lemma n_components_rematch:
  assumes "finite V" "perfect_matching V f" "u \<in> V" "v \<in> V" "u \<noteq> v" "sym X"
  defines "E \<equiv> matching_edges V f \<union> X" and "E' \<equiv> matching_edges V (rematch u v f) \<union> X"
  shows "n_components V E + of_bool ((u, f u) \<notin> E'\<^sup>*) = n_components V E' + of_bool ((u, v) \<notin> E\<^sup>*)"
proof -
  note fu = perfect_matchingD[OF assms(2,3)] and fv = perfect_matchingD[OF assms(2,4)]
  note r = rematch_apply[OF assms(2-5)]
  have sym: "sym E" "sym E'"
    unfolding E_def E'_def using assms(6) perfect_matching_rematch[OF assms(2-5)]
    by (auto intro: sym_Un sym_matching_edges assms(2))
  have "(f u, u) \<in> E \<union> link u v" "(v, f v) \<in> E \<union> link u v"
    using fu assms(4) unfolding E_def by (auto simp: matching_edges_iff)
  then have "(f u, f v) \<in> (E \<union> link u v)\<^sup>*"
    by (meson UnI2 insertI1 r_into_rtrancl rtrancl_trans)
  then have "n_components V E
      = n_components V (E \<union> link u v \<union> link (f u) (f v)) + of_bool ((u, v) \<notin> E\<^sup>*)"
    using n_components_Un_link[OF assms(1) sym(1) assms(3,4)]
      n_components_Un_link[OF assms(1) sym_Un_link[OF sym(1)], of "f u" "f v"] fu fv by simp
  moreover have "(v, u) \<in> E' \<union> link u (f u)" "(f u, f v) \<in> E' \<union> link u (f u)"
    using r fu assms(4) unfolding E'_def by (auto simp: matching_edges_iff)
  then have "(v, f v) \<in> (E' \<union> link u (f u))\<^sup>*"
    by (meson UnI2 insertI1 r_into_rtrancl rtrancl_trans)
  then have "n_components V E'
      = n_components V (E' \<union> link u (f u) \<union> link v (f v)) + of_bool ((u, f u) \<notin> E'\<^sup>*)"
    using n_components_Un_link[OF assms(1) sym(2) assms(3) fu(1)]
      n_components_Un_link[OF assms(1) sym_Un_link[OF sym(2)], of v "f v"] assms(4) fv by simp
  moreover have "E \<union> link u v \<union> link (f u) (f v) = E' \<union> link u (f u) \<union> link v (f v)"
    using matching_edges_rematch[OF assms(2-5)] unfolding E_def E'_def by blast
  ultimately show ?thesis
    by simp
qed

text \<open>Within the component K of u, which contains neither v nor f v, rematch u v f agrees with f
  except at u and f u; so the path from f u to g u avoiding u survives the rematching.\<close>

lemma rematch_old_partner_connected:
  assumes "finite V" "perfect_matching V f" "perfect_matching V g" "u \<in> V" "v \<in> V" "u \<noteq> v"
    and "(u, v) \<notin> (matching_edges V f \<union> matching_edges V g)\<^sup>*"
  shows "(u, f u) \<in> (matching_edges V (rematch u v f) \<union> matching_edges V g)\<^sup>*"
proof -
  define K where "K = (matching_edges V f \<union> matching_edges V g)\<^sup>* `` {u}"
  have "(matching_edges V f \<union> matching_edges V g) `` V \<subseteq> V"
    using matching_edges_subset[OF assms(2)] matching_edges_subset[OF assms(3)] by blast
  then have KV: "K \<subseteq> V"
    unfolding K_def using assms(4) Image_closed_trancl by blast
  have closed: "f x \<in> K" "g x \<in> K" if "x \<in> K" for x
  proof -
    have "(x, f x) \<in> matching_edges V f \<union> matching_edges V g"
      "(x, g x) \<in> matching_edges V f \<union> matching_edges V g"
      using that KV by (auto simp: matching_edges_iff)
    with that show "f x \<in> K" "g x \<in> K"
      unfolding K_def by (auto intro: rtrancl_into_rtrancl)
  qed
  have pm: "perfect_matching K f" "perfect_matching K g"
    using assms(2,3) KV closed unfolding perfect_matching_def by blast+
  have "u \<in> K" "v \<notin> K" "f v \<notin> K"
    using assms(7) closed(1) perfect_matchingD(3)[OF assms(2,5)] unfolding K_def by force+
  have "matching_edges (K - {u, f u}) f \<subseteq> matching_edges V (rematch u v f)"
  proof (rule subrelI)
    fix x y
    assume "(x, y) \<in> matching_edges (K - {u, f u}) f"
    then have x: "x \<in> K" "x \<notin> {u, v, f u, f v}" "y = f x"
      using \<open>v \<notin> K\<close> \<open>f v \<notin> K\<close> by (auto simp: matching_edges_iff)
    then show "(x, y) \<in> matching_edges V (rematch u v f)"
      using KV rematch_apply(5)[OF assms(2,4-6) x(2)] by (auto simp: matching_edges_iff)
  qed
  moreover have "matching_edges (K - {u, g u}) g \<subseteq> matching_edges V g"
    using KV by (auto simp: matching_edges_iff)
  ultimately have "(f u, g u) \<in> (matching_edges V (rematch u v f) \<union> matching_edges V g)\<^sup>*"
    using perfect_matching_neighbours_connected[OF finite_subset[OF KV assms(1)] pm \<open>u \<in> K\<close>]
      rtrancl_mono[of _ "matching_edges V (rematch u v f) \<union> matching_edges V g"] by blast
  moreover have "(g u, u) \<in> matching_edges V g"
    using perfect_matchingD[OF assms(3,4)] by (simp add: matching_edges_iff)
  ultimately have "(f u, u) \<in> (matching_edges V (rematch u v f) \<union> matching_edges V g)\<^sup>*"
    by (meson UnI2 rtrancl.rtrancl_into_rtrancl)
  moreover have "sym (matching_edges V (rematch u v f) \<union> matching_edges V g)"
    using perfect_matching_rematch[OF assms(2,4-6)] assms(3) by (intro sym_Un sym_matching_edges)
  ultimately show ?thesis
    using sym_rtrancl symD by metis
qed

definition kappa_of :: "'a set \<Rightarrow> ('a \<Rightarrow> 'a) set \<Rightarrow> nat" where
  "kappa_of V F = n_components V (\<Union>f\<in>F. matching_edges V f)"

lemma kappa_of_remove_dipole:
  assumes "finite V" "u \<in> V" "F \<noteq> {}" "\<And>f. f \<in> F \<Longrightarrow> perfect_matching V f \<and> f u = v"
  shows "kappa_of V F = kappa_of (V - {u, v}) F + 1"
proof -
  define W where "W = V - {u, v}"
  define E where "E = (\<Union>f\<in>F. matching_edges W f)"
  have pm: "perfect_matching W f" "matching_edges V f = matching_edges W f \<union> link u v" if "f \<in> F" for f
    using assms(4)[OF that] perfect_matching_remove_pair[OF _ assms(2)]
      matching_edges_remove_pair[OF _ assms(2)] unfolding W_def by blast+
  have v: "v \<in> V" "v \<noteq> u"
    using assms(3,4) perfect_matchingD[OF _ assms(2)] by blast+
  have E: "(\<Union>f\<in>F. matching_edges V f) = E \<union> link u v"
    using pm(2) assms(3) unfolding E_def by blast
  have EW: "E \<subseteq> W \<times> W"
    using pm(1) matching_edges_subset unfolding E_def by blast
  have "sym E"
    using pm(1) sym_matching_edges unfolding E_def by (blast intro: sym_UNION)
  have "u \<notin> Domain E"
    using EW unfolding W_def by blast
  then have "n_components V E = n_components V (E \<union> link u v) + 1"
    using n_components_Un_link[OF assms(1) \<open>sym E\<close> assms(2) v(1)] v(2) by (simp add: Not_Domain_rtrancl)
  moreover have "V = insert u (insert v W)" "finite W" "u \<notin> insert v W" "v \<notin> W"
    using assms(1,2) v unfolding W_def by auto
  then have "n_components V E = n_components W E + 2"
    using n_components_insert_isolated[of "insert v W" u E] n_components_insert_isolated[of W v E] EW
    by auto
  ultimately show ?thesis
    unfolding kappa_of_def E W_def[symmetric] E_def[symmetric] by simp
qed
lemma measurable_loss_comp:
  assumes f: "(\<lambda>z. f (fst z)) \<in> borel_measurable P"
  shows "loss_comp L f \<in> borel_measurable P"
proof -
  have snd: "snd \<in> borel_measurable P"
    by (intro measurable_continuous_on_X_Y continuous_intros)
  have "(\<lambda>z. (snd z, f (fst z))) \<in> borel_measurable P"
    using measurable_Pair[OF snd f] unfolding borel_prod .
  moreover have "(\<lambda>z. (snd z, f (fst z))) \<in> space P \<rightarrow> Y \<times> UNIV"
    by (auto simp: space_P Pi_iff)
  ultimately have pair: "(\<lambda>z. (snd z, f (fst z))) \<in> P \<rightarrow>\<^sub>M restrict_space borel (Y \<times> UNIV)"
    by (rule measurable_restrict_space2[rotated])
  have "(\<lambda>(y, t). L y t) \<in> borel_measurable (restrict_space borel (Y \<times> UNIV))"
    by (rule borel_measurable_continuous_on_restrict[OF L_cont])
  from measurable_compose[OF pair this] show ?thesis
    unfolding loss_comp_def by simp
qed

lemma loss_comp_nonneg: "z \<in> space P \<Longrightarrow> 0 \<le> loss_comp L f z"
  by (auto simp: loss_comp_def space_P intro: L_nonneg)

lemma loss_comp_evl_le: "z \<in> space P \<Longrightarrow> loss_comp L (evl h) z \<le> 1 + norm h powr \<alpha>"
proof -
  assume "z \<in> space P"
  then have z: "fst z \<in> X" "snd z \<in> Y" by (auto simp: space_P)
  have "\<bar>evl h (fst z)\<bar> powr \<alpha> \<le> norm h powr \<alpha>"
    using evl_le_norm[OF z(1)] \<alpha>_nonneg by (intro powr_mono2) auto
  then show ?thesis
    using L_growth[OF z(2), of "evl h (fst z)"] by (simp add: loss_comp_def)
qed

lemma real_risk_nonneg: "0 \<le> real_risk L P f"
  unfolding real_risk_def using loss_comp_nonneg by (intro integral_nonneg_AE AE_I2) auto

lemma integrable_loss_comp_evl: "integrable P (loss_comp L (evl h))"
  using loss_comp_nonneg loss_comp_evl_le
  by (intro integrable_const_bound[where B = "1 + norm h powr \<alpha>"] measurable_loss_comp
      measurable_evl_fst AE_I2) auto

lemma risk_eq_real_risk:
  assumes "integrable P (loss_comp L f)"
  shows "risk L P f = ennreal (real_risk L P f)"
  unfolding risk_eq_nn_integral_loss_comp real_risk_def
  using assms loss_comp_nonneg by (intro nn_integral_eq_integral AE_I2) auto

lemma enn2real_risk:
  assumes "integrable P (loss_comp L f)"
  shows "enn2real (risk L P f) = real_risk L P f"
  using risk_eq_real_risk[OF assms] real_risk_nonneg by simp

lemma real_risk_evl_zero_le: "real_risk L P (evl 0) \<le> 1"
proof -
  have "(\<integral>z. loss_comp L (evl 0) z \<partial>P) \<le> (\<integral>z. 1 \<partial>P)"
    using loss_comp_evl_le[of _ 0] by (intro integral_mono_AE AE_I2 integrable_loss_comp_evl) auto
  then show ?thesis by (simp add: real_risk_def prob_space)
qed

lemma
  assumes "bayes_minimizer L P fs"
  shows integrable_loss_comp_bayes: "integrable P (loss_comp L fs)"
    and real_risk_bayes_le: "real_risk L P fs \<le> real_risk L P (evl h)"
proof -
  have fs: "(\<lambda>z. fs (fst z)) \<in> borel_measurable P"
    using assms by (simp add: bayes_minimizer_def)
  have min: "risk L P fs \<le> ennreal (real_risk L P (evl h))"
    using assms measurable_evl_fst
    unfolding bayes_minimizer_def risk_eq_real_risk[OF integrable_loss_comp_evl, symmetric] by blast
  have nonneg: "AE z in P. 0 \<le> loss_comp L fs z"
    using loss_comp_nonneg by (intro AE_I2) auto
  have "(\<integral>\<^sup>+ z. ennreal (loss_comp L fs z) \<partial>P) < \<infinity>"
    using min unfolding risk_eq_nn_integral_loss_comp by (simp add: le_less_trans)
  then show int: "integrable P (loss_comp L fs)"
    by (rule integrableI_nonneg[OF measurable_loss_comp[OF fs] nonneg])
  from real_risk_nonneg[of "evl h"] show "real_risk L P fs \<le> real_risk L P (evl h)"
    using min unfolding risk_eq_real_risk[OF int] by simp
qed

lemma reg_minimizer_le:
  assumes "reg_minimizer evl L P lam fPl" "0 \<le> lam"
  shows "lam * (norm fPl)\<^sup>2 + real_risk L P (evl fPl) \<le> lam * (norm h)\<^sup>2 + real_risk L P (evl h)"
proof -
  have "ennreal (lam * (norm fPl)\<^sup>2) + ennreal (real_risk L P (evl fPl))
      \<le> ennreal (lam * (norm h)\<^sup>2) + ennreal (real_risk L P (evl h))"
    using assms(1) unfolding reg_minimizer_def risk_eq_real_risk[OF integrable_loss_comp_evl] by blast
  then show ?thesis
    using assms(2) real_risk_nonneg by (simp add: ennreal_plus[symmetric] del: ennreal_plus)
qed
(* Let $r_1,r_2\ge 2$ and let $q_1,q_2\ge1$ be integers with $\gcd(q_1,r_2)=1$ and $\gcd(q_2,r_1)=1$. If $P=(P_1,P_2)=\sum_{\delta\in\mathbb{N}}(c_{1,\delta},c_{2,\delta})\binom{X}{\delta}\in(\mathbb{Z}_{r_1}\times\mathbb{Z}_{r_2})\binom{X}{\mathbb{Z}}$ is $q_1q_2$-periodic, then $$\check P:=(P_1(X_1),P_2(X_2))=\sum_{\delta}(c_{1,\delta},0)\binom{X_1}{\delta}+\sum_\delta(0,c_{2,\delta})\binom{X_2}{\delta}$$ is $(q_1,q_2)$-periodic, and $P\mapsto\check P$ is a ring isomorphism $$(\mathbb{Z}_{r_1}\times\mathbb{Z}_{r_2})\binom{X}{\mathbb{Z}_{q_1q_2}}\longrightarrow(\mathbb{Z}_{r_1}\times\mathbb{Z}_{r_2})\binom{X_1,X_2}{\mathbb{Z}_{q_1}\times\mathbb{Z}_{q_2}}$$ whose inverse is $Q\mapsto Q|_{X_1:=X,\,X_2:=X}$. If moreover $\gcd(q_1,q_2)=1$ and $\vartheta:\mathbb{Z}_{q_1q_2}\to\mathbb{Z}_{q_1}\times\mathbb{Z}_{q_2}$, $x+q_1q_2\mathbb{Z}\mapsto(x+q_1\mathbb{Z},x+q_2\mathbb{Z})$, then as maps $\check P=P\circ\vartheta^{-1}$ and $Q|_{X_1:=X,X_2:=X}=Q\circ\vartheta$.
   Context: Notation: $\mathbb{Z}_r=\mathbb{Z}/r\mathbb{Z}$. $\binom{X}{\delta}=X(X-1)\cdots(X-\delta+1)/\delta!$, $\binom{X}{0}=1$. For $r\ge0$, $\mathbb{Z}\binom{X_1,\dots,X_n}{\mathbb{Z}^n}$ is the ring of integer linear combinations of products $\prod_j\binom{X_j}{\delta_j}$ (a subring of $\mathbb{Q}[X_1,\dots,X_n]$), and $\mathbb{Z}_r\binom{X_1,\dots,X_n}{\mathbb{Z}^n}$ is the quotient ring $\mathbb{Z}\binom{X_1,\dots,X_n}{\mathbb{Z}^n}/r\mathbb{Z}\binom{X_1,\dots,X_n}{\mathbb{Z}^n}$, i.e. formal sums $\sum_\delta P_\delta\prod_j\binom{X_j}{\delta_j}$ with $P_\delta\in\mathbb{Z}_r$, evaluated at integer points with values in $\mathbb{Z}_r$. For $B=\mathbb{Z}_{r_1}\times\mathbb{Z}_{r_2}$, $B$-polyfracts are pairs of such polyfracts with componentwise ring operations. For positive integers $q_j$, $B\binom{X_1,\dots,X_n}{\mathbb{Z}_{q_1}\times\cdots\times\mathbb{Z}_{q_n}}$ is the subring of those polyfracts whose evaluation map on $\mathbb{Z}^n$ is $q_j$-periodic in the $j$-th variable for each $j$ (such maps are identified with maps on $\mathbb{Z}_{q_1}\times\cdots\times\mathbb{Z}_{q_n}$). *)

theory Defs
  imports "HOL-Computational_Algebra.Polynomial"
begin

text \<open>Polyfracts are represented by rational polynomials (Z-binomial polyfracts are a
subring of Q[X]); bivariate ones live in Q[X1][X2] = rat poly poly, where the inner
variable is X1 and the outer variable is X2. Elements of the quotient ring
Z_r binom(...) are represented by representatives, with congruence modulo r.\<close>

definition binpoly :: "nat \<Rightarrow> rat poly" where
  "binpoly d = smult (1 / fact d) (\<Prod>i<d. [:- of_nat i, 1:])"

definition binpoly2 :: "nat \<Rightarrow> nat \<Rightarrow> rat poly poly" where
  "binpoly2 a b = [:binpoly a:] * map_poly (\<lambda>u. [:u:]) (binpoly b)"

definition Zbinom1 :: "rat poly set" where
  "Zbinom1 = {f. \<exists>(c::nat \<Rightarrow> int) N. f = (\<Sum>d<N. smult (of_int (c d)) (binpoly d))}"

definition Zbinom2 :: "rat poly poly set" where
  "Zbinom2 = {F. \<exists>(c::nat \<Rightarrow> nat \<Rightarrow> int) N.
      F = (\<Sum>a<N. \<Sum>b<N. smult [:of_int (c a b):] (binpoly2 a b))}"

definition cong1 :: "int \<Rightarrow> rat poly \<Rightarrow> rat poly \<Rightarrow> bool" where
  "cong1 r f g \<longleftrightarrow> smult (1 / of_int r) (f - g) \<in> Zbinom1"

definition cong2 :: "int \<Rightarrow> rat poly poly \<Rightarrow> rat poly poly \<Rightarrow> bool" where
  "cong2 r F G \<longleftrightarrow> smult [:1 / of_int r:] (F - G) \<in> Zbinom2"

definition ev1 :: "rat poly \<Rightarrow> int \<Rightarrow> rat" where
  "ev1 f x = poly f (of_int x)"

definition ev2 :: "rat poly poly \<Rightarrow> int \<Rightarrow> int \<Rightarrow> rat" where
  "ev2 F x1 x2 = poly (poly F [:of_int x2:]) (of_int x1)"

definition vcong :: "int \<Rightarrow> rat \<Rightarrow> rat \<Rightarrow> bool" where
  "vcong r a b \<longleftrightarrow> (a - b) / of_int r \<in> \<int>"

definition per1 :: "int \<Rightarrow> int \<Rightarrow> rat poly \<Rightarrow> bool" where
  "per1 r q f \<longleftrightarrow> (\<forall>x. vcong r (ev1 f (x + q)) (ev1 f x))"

▶ **Goal of the exercise**:
Reproduce only the lines above spanning from the line containing "f x) \<in> matching_edges" through the line containing "y) \<in> matching_edges (K", word for word.

▶ **Answer to the problem**:
    have "(x, f x) \<in> matching_edges V f \<union> matching_edges V g"
      "(x, g x) \<in> matching_edges V f \<union> matching_edges V g"
      using that KV by (auto simp: matching_edges_iff)
    with that show "f x \<in> K" "g x \<in> K"
      unfolding K_def by (auto intro: rtrancl_into_rtrancl)
  qed
  have pm: "perfect_matching K f" "perfect_matching K g"
    using assms(2,3) KV closed unfolding perfect_matching_def by blast+
  have "u \<in> K" "v \<notin> K" "f v \<notin> K"
    using assms(7) closed(1) perfect_matchingD(3)[OF assms(2,5)] unfolding K_def by force+
  have "matching_edges (K - {u, f u}) f \<subseteq> matching_edges V (rematch u v f)"
  proof (rule subrelI)
    fix x y
    assume "(x, y) \<in> matching_edges (K - {u, f u}) f"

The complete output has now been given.